Выслушав своего удивительного друга, Лермонт помолчал, раздумывая, а затем посмотрел своими карими глазами в голубые глаза земляка и сказал:
— Спасибо тебе, Крис, за науку. А я всю дорогу ехал и думал: стоит или не стоит пожаловаться в Москве на дикий произвол местных начальных людей. Теперь вижу, что нужно, необходимо, чего бы это ни стоило и к чему бы ни привело.
И он стал с жаром рассказывать товарищу о том, что творилось на костромской земле, в Заволжье.
Государь по особенной царской милости жаловал своим слугам для «кормления» поместья, и каждый кормился как мог, деря семь шкур с простого народа. Воеводы взяли власть в Смутные времена, с «расстригина прихода», сиречь с царствования Лжедимитрия I — с 1605 года, сели тяжкими задами своими на такие «замосковные», как тогда говорили, города под Москвой, как Переславль-Залесский, Владимир, Ростов, Белозерск. По царскому указу надлежало им поступать, «как пригоже, смотря по тамошнему делу, как Бог вразумит». Воевода судил и рядил в «съезжей», или «приказной избе», позднее получившей наименовение губернского правления. Подчиненные ему губные старосты заправляли делами в «губной избе» — уездной управе. Подобно средневековым драконам, воеводы кормились со своими дьяками и подьячими, женами и приживалками за счет земского мира, деря с этого мира денежные и натуральные кормы сверх всякой меры.

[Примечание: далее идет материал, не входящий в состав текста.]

(* Let $\Gamma$ be a distance-regular graph with classical parameters $(D,b,\alpha,\beta)$ such that $b\ge 2$ and $D\ge 3$, which is geometric with respect to a set $\mathcal C$ of Delsarte cliques (the members of $\mathcal C$ are called lines). Let $r=[D]$. If $\beta > (r-\alpha-1)\alpha b + \alpha$, then for every vertex $x$ and line $\ell$ with $d(x,\ell)=1$ and every two vertices $y_1,y_2$ on $\ell$ with $d(x,y_1)=d(x,y_2)=2$, we have $[x,y_1]=[x,y_2]$.
   Context: Distance-regular graph with intersection numbers $b_i,c_i$, valency $k=b_0$. For integer $b\ne1$, $[j]=\frac{b^j-1}{b-1}$. Classical parameters $(D,b,\alpha,\beta)$: diameter $D$, $b_i=([D]-[i])(\beta-\alpha[i])$ ($0\le i\le D-1$), $c_i=[i](1+\alpha[i-1])$ ($1\le i\le D$). A Delsarte clique is a clique with $1+\frac{k}{-\theta_{\min}}$ vertices, $\theta_{\min}$ the smallest adjacency eigenvalue. $\Gamma$ is geometric with respect to a set $\mathcal C$ of Delsarte cliques if every edge lies in exactly one member of $\mathcal C$. $d(x,\ell)=\min\{d(x,y): y\in\ell\}$. For vertices $x,y$ at distance 2, $[x,y]$ is the set of lines $\ell\in\mathcal C$ through $x$ such that $d(y,u)\le 2$ for all $u\in\ell$. *)

theory Defs
  imports Main "HOL-Library.Multiset" Complex_Main
begin

definition simple_graph :: "'a set \<Rightarrow> ('a \<Rightarrow> 'a \<Rightarrow> bool) \<Rightarrow> bool" where
  "simple_graph V E \<longleftrightarrow> finite V \<and> (\<forall>x y. E x y \<longrightarrow> x \<in> V \<and> y \<in> V) \<and>
     (\<forall>x y. E x y \<longrightarrow> E y x) \<and> (\<forall>x. \<not> E x x)"

definition gdist :: "('a \<Rightarrow> 'a \<Rightarrow> bool) \<Rightarrow> 'a \<Rightarrow> 'a \<Rightarrow> nat" where
  "gdist E x y = (LEAST n. (E ^^ n) x y)"

definition connected_graph :: "'a set \<Rightarrow> ('a \<Rightarrow> 'a \<Rightarrow> bool) \<Rightarrow> bool" where
  "connected_graph V E \<longleftrightarrow> (\<forall>x\<in>V. \<forall>y\<in>V. \<exists>n. (E ^^ n) x y)"

definition diameter_is :: "'a set \<Rightarrow> ('a \<Rightarrow> 'a \<Rightarrow> bool) \<Rightarrow> nat \<Rightarrow> bool" where
  "diameter_is V E D \<longleftrightarrow> (\<forall>x\<in>V. \<forall>y\<in>V. gdist E x y \<le> D) \<and>
     (\<exists>x\<in>V. \<exists>y\<in>V. gdist E x y = D)"

definition distance_regular ::
  "'a set \<Rightarrow> ('a \<Rightarrow> 'a \<Rightarrow> bool) \<Rightarrow> nat \<Rightarrow> (nat \<Rightarrow> nat) \<Rightarrow> (nat \<Rightarrow> nat) \<Rightarrow> bool" where
  "distance_regular V E D bi ci \<longleftrightarrow> simple_graph V E \<and> connected_graph V E \<and> diameter_is V E D \<and>
     (\<forall>x\<in>V. \<forall>y\<in>V. \<forall>i. gdist E x y = i \<longrightarrow>
        (i < D \<longrightarrow> card {z\<in>V. E y z \<and> gdist E x z = i + 1} = bi i) \<and>
        (1 \<le> i \<and> i \<le> D \<longrightarrow> card {z\<in>V. E y z \<and> gdist E x z = i - 1} = ci i))"

definition gbr :: "int \<Rightarrow> nat \<Rightarrow> real" where
  "gbr b j = (real_of_int b ^ j - 1) / (real_of_int b - 1)"

definition classical_parameters ::
  "nat \<Rightarrow> (nat \<Rightarrow> nat) \<Rightarrow> (nat \<Rightarrow> nat) \<Rightarrow> int \<Rightarrow> real \<Rightarrow> real \<Rightarrow> bool" where
  "classical_parameters D bi ci b \<alpha> \<beta> \<longleftrightarrow> b \<noteq> 1 \<and>
     (\<forall>i<D. real (bi i) = (gbr b D - gbr b i) * (\<beta> - \<alpha> * gbr b i)) \<and>
     (\<forall>i. 1 \<le> i \<and> i \<le> D \<longrightarrow> real (ci i) = gbr b i * (1 + \<alpha> * gbr b (i - 1)))"

definition adj_eigenvalue :: "'a set \<Rightarrow> ('a \<Rightarrow> 'a \<Rightarrow> bool) \<Rightarrow> real \<Rightarrow> bool" where
  "adj_eigenvalue V E \<theta> \<longleftrightarrow> (\<exists>f :: 'a \<Rightarrow> real. (\<exists>x\<in>V. f x \<noteq> 0) \<and>
     (\<forall>x\<in>V. (\<Sum>y\<in>{y\<in>V. E x y}. f y) = \<theta> * f x))"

Сидел такой воевода из ближних бояр и в Костроме. Лет десять тому назад этот мироед отправил написанную грамотеем дьяком челобитную Царю: отпусти, мол, Царь-батюшка, в Кострому кормиться. Москва посылала кормиться на два-три года, но удачливый челобитчик вцепился в Костромщину, аки клещ, правил по своему рассмотрению, по Божию вразумлению. Для народа он был почти такой же напастью, как война, как нашествие ляхов или татар. Какой воевода откажется от дарованной ему власти! Ни Царю, ни патриарху, ни московским приказам не удавалось ограничить пределы этой власти. Засев в уцелевшем от пожара и набега белокаменном Ипатьевском монастыре в устье реки Костромы, воевода вел себя, словно удельный князь. Напрасно пытался подмять его старший ярославский воевода, чтобы попользоваться небедным костромским округом. На побегушках у хозяина костромской земли были свои товарищи, городские приказчики, посильно грабившие бесправных костромичей.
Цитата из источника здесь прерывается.